Telegram ist aktuell quasi ein rechtsfreier Raum und das liegt nicht nur daran, dass die Regierung die Auswirkungen von Telegram unter Umständen zu lange unterschätzt hat. Denn eigentlich gilt in Deutschland das sogenannte Netzwerkdurchsetzungsgesetz (NetzDG), dass Nutzer*innen von sozialen Netzwerken mehr Rechte zusichert und es erleichtert, rechtswidrige Kommentare und Postings bei den Anbietern zu melden. Das Problem ist aber: Telegram gilt als Messenger - also als bloße App zum Chatten - und nicht als soziales Netzwerk. Deswegen greift das NetzDG aktuell nicht. Aus Sicht des Bundesamtes der Justiz ist Telegram aber ein soziales Netzwerk und auch Karolin Schwarz findet die Einordnung als Messenger-Dienst falsch:
"Wenn man sich einige Funktionalitäten anguckt wie eben diese Kanäle aber auch die riesengroßen Gruppen, dann hat das nichts mehr mit einem Messenger zu tun, wie wir das von Signal oder WhatsApp kennen. Ich glaube das ist wichtig bei der Einordnung. Man kann Telegram nicht wie WhatsApp oder den Facebook Messenger behandeln." - Karolin Schwarz
Außerdem ergänzt sie, dass selbst der Telegram-Gründer Pawel Durow seine App in der Vergangenheit mit Twitter verglichen hat. Das Bundesamt für Justiz hat Telegram deswegen im April aufgefordert, das NetzwerkDG durchzusetzen und im Juni einen Bußgeldbescheid ausgestellt, weil die Plattform nicht reagiert hatte. Allerdings ist auch nicht bekannt, wo Telegram sitzt (unter Umständen irgendwo in Dubai) weswegen weitere Schritte schwer durchzusetzen sind.

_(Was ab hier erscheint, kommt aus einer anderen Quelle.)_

theorem proposition2:
  assumes "pi_proc P"
    and "\<exists>Q. cpi_proc Q \<and> P \<sim>\<^sub>\<pi> Q"
  shows "non_forwarding P"
  unfolding non_forwarding_def
proof (intro allI impI notI)
  fix ps as i k l j k'
  assume run: "trans_seq ps as \<and> ps ! 0 = P \<and> bouts_fresh ps as"
    and input: "Suc i < length as \<and> l \<notin> fnP (ps ! i) \<and> as ! i = InA k l"
    and ij: "i < j \<and> j < length as" and out: "as ! j = OutA k' l"
  from run have seq: "trans_seq ps as" "bouts_fresh ps as" by simp_all
  have "cpi_bisim_avoiding {} (ps ! 0)"
    using assms(2) run by (auto simp: cpi_bisim_avoiding_def)
  then have "cpi_bisim_avoiding {} (ps ! i)"
    using cpi_bisim_avoiding_trans_seq[OF seq finite.emptyI, of 0 i] input by simp
  moreover have "trans (ps ! i) (InA k l) (ps ! Suc i)"
    using trans_seq_step[OF seq(1), of i] input by simp
  ultimately have "cpi_bisim_avoiding {l} (ps ! Suc i)"
    using cpi_bisim_avoiding_input input by blast
  moreover have "m \<notin> {l}" if "Suc i \<le> j'" "j' < length as" "as ! j' = BOutA k'' m" for j' k'' m
    using bouts_fresh_BOutA(2)[OF seq(2) that(2,3), of i] that(1) input by (simp add: nA_def)
  ultimately have "cpi_bisim_avoiding {l} (ps ! j)"
    using cpi_bisim_avoiding_trans_seq[OF seq, of "{l}" "Suc i" j] ij by simp
  moreover have "trans (ps ! j) (OutA k' l) (ps ! Suc j)"
    using trans_seq_step[OF seq(1), of j] ij out by simp
  ultimately show False using cpi_bisim_avoiding_no_output by blast
qed

end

Wenn Telegram auch in Zukunft nicht mit der Bundesregierung kooperiert, steht als letzte Option auch im Raum, Telegram lokal zu sperren.
Karolin Schwarz ist allerdings klar gegen eine solche Sperrung. Sie sagt, dass viele Menschen Telegram eben auch als Kommunikationsmittel nutzen, ohne Hass oder Verschwörungen zu verbreiten und eine Löschung deswegen ein Eingriff wäre, der so nicht zu rechtfertigen ist. Um Telegram in Deutschland zu einer sicheren Plattform zu machen, braucht es andere Schritte: Zum Beispieltransparente Regeln und einen Zustellungsbevollmächtigten im Rahmen des NetzwerkDGs. Außerdem muss über die teilweise fehlende Rechtsdurchsetzung in Deutschland gesprochen werden, die vor allem in der Überlastung der Gerichte begründet ist.